**WHAT THIS TASK INVOLVES:**
Set down exactly, from the records below, the line with "theory Submission" through the line with "S satisfies an", and nothing else.

**PROVIDED INFORMATION:**
======
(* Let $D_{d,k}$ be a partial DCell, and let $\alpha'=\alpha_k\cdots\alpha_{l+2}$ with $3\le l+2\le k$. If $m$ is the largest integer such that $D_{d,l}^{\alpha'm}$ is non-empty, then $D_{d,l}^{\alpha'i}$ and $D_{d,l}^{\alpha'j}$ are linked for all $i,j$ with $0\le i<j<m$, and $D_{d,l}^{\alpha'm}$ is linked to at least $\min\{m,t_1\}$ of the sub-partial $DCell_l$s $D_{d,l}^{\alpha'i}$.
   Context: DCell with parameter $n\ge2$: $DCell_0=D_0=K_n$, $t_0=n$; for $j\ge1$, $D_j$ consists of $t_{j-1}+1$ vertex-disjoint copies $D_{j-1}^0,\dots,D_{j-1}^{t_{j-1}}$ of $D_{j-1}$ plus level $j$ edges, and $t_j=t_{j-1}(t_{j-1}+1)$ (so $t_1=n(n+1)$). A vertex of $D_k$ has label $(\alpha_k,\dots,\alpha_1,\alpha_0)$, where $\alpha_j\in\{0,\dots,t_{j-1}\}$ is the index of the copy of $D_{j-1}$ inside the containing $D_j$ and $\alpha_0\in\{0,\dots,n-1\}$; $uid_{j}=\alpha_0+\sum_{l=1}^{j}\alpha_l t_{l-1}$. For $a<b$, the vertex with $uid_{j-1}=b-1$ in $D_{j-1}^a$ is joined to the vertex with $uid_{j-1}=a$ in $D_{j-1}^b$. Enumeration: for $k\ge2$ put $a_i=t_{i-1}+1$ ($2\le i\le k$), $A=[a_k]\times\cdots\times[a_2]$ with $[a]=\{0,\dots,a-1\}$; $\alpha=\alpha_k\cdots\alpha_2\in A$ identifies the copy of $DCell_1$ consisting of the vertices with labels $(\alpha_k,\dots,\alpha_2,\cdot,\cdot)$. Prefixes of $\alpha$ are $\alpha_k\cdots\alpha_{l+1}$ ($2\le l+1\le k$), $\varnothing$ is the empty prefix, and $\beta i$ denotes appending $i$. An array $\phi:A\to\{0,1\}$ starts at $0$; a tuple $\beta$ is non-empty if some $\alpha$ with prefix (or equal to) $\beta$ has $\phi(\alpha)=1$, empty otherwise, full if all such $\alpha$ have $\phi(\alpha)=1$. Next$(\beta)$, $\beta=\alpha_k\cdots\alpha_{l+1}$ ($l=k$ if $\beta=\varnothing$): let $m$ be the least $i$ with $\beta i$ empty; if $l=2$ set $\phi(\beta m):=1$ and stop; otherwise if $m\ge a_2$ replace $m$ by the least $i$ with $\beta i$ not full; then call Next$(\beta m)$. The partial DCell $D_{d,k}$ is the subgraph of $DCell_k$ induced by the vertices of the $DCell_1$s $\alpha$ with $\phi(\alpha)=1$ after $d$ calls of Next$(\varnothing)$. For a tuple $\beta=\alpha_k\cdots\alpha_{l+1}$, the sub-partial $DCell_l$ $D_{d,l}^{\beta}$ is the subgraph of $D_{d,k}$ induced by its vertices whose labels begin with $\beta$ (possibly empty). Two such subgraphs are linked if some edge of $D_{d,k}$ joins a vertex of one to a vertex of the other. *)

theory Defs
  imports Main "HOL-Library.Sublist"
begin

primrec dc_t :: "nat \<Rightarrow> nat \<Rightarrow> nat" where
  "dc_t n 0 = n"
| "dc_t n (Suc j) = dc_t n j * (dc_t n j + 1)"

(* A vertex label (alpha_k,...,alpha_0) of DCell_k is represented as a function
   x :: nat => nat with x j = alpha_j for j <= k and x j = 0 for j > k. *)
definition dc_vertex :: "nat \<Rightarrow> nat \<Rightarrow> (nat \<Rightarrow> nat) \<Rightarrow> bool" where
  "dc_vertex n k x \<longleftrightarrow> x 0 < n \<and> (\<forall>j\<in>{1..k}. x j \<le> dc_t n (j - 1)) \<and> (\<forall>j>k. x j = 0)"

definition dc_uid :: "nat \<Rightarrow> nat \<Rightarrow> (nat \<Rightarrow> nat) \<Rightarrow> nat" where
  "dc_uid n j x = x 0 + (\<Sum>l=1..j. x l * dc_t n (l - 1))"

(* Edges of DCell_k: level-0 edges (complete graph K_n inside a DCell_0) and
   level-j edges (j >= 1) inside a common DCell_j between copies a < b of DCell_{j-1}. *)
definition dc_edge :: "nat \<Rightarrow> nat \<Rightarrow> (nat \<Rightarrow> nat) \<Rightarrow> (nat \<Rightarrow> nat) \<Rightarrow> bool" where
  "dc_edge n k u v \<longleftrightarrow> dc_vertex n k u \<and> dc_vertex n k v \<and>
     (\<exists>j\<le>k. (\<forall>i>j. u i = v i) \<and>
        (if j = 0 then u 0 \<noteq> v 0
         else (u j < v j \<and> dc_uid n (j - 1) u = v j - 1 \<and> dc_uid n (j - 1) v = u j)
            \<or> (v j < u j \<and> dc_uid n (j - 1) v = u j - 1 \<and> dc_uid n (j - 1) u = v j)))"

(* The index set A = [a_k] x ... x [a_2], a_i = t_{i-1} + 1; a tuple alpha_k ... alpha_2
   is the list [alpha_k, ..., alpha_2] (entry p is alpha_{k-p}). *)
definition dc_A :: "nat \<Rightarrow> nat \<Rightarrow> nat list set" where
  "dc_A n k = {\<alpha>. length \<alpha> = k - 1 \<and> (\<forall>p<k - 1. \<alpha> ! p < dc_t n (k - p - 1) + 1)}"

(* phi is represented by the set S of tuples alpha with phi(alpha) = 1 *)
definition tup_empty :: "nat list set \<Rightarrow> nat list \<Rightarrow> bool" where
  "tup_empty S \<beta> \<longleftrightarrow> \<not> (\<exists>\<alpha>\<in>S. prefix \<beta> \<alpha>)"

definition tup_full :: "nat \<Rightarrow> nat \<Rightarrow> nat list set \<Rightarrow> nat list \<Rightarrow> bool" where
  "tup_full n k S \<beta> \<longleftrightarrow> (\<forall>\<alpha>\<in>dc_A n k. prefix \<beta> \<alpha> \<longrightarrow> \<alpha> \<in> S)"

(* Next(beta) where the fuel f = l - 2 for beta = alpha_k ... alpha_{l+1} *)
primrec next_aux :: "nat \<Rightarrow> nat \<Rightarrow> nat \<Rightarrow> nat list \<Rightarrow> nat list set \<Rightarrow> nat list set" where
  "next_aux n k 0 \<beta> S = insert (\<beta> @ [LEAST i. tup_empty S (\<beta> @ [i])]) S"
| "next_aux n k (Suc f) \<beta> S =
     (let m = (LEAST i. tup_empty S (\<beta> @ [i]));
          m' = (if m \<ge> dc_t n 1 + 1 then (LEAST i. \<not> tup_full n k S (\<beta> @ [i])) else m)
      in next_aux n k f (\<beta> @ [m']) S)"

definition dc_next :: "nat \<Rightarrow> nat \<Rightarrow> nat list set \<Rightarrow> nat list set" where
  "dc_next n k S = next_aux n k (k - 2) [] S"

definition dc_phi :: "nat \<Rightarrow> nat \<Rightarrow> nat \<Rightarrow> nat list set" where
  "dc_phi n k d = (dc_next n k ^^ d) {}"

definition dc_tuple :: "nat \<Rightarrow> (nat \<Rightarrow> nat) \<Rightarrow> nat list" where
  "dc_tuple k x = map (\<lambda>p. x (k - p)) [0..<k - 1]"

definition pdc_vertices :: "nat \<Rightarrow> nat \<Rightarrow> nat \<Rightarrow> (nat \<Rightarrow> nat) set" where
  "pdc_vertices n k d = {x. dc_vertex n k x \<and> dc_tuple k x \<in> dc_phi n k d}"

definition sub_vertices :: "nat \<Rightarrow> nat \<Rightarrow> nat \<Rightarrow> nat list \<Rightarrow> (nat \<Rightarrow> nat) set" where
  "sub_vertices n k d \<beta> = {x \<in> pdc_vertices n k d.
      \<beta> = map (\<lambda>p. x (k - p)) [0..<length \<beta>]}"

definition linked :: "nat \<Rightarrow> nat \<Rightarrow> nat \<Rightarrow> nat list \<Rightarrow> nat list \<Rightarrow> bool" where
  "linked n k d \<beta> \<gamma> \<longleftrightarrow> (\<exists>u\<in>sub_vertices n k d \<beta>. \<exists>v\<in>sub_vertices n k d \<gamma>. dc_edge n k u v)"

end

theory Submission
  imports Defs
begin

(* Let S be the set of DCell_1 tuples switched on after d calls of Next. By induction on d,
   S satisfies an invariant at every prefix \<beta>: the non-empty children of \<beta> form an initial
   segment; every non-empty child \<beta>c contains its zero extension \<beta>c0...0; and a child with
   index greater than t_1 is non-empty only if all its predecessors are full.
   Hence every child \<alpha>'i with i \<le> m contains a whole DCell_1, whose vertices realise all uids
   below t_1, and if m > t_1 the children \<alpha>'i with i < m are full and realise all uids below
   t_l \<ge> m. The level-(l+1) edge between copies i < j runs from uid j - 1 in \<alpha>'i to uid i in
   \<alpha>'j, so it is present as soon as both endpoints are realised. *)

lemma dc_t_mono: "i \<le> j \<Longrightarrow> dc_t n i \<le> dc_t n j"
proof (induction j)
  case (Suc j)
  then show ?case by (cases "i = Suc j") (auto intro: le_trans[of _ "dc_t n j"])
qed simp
======
**ANSWER SECTION:**
theory Submission
  imports Defs
begin

(* Let S be the set of DCell_1 tuples switched on after d calls of Next. By induction on d,
   S satisfies an invariant at every prefix \<beta>: the non-empty children of \<beta> form an initial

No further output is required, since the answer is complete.